Of course there are exceptions to this rule, such as when you suspect multiple issues are related and you think you can solve two or more at once. Or when an even more critical issue arises than the one you are currently working on. For example, the current critical problem is preventing people from working thereby costing the company a few hundred dollars per hour. However, the new critical problem is causing a loss of customers, which results in a loss of tens of thousands of dollars.
Step 4: Deploy
Test the fix and release it. If your organization follows a structured change management process, don’t forget to request an emergency change. You can now safely work on the next issue in the triage list.
The entire process is straightforward when laid out end-to-end, but that doesn’t mean your triage period won’t be chaotic. Most emergency rooms run like well-oiled machines until multiple patients move to the front of the line. Commotion doesn’t mean the process is broken; it simply means there are too many issues over a short period of time, and not enough staff to address issues at once.
As mentioned above, communication is key when chaos ensues. Not many patients with a small cut complain about their place in line when they know a critical patient must receive treatment first. That said, your triage process will have zero chance for success without the following essential step…
Step 0: Planning
As an IT leader, you need answers to the following questions before going live.
- What tool will your team use to triage issues?
- How is the word critical defined?
- What are all of the roles in the process?
- Who will perform the various roles?
- How will status updates be communicated?
- How frequent should communication occur?

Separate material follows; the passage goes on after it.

(* Let $M$, $x$, $T$, $B$, the encoding $\langle\cdot\rangle$ and the coin set $\mathcal{C}$ be as in the context. Define $$W:=\langle C_1\rangle\cdot B^{(T-1)T},$$ where $C_1$ is the configuration with state $q_0$, head position $1$, and tape $\$\,x_1\cdots x_n\perp^{T-n-1}$. Define the query coin $$c^*:=c_{\mathrm{transition}}(q_{\mathrm{accept}},\$,\perp,\perp,2,T)=g(\$)B^{T-1}+p(q_{\mathrm{accept}},\perp)B^{T-2}+g(\perp)B^{T-3}.$$ Then $M$ accepts $x$ if and only if $c^*$ belongs to the greedy set of coin change $\mathcal{G}$ with respect to $W$ and $\mathcal{C}$.
   Context: Turing machine. $M=\langle Q,\Gamma,\Sigma,\delta,q_0,q_{\mathrm{accept}},q_{\mathrm{reject}}\rangle$ is a deterministic single-tape Turing machine: - $\perp\in\Gamma$ is the blank symbol and $\Sigma\subseteq\Gamma\setminus\{\perp\}$. - $F=\{q_{\mathrm{accept}},q_{\mathrm{reject}}\}$ is the set of halting states. - $\delta:(Q\setminus F)\times\Gamma\to Q\times\Gamma\times\{L,R\}$ is the transition function. Assumptions on $M$: - The first tape cell always holds a left endmarker $\$\in\Gamma$. Whenever the head reads $\$$ in a state $q\notin F$, we have $\delta(q,\$)=(q',\$,R)$ for some $q'$. - Before entering a halting state, the head moves to the endmarker, then overwrites cells 2 and 3 with $\perp$, and halts over cell 2 in the halting state. - On input $x=x_1\cdots x_n$, $M$ halts within $T=C_M n^{\ell}$ steps, where $T\ge n+3$. Hence only tape cells $1,\dots,T$ are used, and the head never reaches cell $T$. A configuration consists of a state $q$, a head position $h$ with $1\le h\le T$, and tape contents $a_1\cdots a_T\in\Gamma^T$. Numerical encoding: - Fix bijections $f:Q\to\{1,\dots,s\}$ and $g:\Gamma\to\{1,\dots,k\}$, where $s=|Q|$ and $k=|\Gamma|$. - Encode a pair $(q,a)$ by $p(q,a):=f(q)k+g(a)$. - Fix an integer base $B\ge(s+1)k+2$. - A digit string $d_1\cdots d_T$ in base $B$ denotes $\sum_{i=1}^T d_iB^{T-i}$. - For a configuration $C$ with state $q$, head position $h$ and tape $a_1\cdots a_T$, set $\langle C\rangle$ to be the digit string with $d_h=p(q,a_h)$ and $d_i=g(a_i)$ for $i\ne h$. Coin set $\mathcal{C}$ (with $B^{(-1)T}:=0$) consists of exactly the following three kinds of coins. (i) Copy coins. For $1\le i,j\le T$ and $a\in\Gamma$: $$c_{\mathrm{copy}}(a,i,j)=g(a)B^{T-i}\big(B^{(T-j)T}-B^{(T-j-1)T}\big).$$ (ii) Transition coins. For $2\le i\le T-1$, $1\le j\le T$, $q\in Q$, and $a^-,a,a^+\in\Gamma$: $$c_{\mathrm{transition}}(q,a^-,a,a^+,i,j)=u\,B^{(T-j)T}-v\,B^{(T-j-1)T},$$ where $u=g(a^-)B^{T-i+1}+p(q,a)B^{T-i}+g(a^+)B^{T-i-1}$ and $v$ is defined by cases: - if $q\notin F$ and $\delta(q,a)=(q',a',L)$: $v=p(q',a^-)B^{T-i+1}+g(a')B^{T-i}+g(a^+)B^{T-i-1}$; - if $q\notin F$ and $\delta(q,a)=(q',a',R)$: $v=g(a^-)B^{T-i+1}+g(a')B^{T-i}+p(q',a^+)B^{T-i-1}$; - if $q\in F$: $v=u$. (iii) Left-end transition coins. For $q\in Q\setminus F$, $a^+\in\Gamma$, and $1\le j\le T$, with $\delta(q,\$)=(q',\$,R)$: $$c^{\text{left-end}}_{\mathrm{transition}}(q,a^+,j)=\big(p(q,\$)B^{T-1}+g(a^+)B^{T-2}\big)B^{(T-j)T}-\big(g(\$)B^{T-1}+p(q',a^+)B^{T-2}\big)B^{(T-j-1)T}.$$ Greedy set of coin change with respect to $W$ and $\mathcal{C}$: start with $\mathcal{G}=\emptyset$ and remaining amount $W'=W$. Repeatedly select the largest coin $c\in\mathcal{C}$ with $c\le W'$, add $c$ to $\mathcal{G}$, and set $W'\gets W'-c$. *)

theory Defs
  imports Main "HOL-Library.Cardinality"
begin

- Who should be included on the communication?
- What are the expectations for overtime during the triage phase following a release?
Conclusion
Once you are out of the triage phase, don’t forget to look back on your process to see if any improvements can be made. There are almost always changes that should be enacted to make the entire process better for everyone involved, including the help desk, developers, IT manager and end users.
To review, no matter how much testing you performed, going live almost always results in unintended and unexpected issues. A release triage plan will provide confidence to your project sponsors and end users, and help your project team avoid a sense of dread or feeling overwhelmed.